> **Task prompt**:
Set down the listing below again, exactly as written.
- Opening Delimiter -
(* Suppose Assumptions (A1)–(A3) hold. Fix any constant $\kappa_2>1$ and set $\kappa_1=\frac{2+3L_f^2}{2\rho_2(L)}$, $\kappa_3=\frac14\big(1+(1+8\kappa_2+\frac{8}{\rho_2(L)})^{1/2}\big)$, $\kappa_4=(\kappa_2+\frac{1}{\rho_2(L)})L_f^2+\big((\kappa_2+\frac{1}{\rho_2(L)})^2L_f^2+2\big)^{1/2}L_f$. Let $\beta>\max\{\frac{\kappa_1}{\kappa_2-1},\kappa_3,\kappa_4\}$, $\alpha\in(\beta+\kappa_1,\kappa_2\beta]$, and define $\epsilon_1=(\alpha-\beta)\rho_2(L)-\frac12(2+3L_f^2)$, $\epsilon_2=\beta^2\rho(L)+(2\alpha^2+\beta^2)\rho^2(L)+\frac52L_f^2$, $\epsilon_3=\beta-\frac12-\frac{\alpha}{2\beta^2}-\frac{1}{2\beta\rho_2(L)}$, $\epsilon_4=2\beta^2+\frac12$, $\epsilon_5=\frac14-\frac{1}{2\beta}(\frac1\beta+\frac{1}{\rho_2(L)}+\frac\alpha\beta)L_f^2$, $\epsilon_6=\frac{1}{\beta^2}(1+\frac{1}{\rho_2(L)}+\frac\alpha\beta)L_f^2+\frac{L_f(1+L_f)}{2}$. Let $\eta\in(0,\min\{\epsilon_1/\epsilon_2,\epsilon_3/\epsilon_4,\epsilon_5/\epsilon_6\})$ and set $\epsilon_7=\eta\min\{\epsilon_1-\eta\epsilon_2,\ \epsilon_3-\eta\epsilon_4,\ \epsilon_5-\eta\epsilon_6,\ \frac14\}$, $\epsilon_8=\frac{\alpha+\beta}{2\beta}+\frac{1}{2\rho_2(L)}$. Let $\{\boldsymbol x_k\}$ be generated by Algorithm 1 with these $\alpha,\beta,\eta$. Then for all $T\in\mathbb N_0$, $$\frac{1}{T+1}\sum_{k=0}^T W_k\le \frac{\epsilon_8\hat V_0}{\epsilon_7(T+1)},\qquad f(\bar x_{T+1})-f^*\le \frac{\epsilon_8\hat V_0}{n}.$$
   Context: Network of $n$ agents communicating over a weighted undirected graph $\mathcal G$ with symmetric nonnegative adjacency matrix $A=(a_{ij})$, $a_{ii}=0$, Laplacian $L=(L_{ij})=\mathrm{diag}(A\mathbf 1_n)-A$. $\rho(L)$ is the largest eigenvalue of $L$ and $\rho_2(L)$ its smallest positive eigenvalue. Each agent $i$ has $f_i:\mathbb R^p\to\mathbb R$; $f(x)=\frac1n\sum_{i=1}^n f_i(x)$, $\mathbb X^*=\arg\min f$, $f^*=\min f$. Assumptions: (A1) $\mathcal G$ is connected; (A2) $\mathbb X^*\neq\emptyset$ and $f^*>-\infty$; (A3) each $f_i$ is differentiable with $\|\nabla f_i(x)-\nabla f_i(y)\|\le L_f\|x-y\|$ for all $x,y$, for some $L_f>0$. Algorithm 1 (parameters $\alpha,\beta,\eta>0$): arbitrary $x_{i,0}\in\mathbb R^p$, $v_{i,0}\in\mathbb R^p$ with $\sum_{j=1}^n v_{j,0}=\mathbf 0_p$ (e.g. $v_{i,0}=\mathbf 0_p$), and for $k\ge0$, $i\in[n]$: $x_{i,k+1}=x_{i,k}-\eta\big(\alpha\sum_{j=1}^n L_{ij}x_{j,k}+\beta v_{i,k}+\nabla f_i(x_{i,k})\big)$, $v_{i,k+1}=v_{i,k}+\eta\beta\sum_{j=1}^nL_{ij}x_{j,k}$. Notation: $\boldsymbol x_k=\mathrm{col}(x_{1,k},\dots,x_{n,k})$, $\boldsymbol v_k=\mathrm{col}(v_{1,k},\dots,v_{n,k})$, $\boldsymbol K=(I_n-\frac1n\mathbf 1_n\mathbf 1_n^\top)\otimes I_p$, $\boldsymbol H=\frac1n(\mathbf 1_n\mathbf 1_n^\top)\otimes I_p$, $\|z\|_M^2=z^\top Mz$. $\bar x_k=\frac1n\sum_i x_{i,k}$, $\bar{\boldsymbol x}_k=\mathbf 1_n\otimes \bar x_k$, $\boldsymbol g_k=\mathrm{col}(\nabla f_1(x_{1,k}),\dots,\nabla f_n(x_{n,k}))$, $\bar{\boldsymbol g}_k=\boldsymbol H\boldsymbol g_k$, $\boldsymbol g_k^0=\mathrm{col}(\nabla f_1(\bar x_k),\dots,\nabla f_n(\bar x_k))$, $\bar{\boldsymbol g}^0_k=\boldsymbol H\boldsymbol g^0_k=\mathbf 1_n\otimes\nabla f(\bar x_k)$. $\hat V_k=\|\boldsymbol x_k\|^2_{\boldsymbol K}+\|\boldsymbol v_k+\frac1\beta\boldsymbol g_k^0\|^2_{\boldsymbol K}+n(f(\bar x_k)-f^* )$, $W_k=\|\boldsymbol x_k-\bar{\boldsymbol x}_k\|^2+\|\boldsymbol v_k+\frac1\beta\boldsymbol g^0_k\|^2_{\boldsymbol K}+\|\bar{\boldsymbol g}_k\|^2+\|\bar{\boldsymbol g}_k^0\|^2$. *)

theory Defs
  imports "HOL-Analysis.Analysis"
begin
- Closing Delimiter -
> **Answer box**:
(* Suppose Assumptions (A1)–(A3) hold. Fix any constant $\kappa_2>1$ and set $\kappa_1=\frac{2+3L_f^2}{2\rho_2(L)}$, $\kappa_3=\frac14\big(1+(1+8\kappa_2+\frac{8}{\rho_2(L)})^{1/2}\big)$, $\kappa_4=(\kappa_2+\frac{1}{\rho_2(L)})L_f^2+\big((\kappa_2+\frac{1}{\rho_2(L)})^2L_f^2+2\big)^{1/2}L_f$. Let $\beta>\max\{\frac{\kappa_1}{\kappa_2-1},\kappa_3,\kappa_4\}$, $\alpha\in(\beta+\kappa_1,\kappa_2\beta]$, and define $\epsilon_1=(\alpha-\beta)\rho_2(L)-\frac12(2+3L_f^2)$, $\epsilon_2=\beta^2\rho(L)+(2\alpha^2+\beta^2)\rho^2(L)+\frac52L_f^2$, $\epsilon_3=\beta-\frac12-\frac{\alpha}{2\beta^2}-\frac{1}{2\beta\rho_2(L)}$, $\epsilon_4=2\beta^2+\frac12$, $\epsilon_5=\frac14-\frac{1}{2\beta}(\frac1\beta+\frac{1}{\rho_2(L)}+\frac\alpha\beta)L_f^2$, $\epsilon_6=\frac{1}{\beta^2}(1+\frac{1}{\rho_2(L)}+\frac\alpha\beta)L_f^2+\frac{L_f(1+L_f)}{2}$. Let $\eta\in(0,\min\{\epsilon_1/\epsilon_2,\epsilon_3/\epsilon_4,\epsilon_5/\epsilon_6\})$ and set $\epsilon_7=\eta\min\{\epsilon_1-\eta\epsilon_2,\ \epsilon_3-\eta\epsilon_4,\ \epsilon_5-\eta\epsilon_6,\ \frac14\}$, $\epsilon_8=\frac{\alpha+\beta}{2\beta}+\frac{1}{2\rho_2(L)}$. Let $\{\boldsymbol x_k\}$ be generated by Algorithm 1 with these $\alpha,\beta,\eta$. Then for all $T\in\mathbb N_0$, $$\frac{1}{T+1}\sum_{k=0}^T W_k\le \frac{\epsilon_8\hat V_0}{\epsilon_7(T+1)},\qquad f(\bar x_{T+1})-f^*\le \frac{\epsilon_8\hat V_0}{n}.$$
   Context: Network of $n$ agents communicating over a weighted undirected graph $\mathcal G$ with symmetric nonnegative adjacency matrix $A=(a_{ij})$, $a_{ii}=0$, Laplacian $L=(L_{ij})=\mathrm{diag}(A\mathbf 1_n)-A$. $\rho(L)$ is the largest eigenvalue of $L$ and $\rho_2(L)$ its smallest positive eigenvalue. Each agent $i$ has $f_i:\mathbb R^p\to\mathbb R$; $f(x)=\frac1n\sum_{i=1}^n f_i(x)$, $\mathbb X^*=\arg\min f$, $f^*=\min f$. Assumptions: (A1) $\mathcal G$ is connected; (A2) $\mathbb X^*\neq\emptyset$ and $f^*>-\infty$; (A3) each $f_i$ is differentiable with $\|\nabla f_i(x)-\nabla f_i(y)\|\le L_f\|x-y\|$ for all $x,y$, for some $L_f>0$. Algorithm 1 (parameters $\alpha,\beta,\eta>0$): arbitrary $x_{i,0}\in\mathbb R^p$, $v_{i,0}\in\mathbb R^p$ with $\sum_{j=1}^n v_{j,0}=\mathbf 0_p$ (e.g. $v_{i,0}=\mathbf 0_p$), and for $k\ge0$, $i\in[n]$: $x_{i,k+1}=x_{i,k}-\eta\big(\alpha\sum_{j=1}^n L_{ij}x_{j,k}+\beta v_{i,k}+\nabla f_i(x_{i,k})\big)$, $v_{i,k+1}=v_{i,k}+\eta\beta\sum_{j=1}^nL_{ij}x_{j,k}$. Notation: $\boldsymbol x_k=\mathrm{col}(x_{1,k},\dots,x_{n,k})$, $\boldsymbol v_k=\mathrm{col}(v_{1,k},\dots,v_{n,k})$, $\boldsymbol K=(I_n-\frac1n\mathbf 1_n\mathbf 1_n^\top)\otimes I_p$, $\boldsymbol H=\frac1n(\mathbf 1_n\mathbf 1_n^\top)\otimes I_p$, $\|z\|_M^2=z^\top Mz$. $\bar x_k=\frac1n\sum_i x_{i,k}$, $\bar{\boldsymbol x}_k=\mathbf 1_n\otimes \bar x_k$, $\boldsymbol g_k=\mathrm{col}(\nabla f_1(x_{1,k}),\dots,\nabla f_n(x_{n,k}))$, $\bar{\boldsymbol g}_k=\boldsymbol H\boldsymbol g_k$, $\boldsymbol g_k^0=\mathrm{col}(\nabla f_1(\bar x_k),\dots,\nabla f_n(\bar x_k))$, $\bar{\boldsymbol g}^0_k=\boldsymbol H\boldsymbol g^0_k=\mathbf 1_n\otimes\nabla f(\bar x_k)$. $\hat V_k=\|\boldsymbol x_k\|^2_{\boldsymbol K}+\|\boldsymbol v_k+\frac1\beta\boldsymbol g_k^0\|^2_{\boldsymbol K}+n(f(\bar x_k)-f^* )$, $W_k=\|\boldsymbol x_k-\bar{\boldsymbol x}_k\|^2+\|\boldsymbol v_k+\frac1\beta\boldsymbol g^0_k\|^2_{\boldsymbol K}+\|\bar{\boldsymbol g}_k\|^2+\|\bar{\boldsymbol g}_k^0\|^2$. *)

theory Defs
  imports "HOL-Analysis.Analysis"
begin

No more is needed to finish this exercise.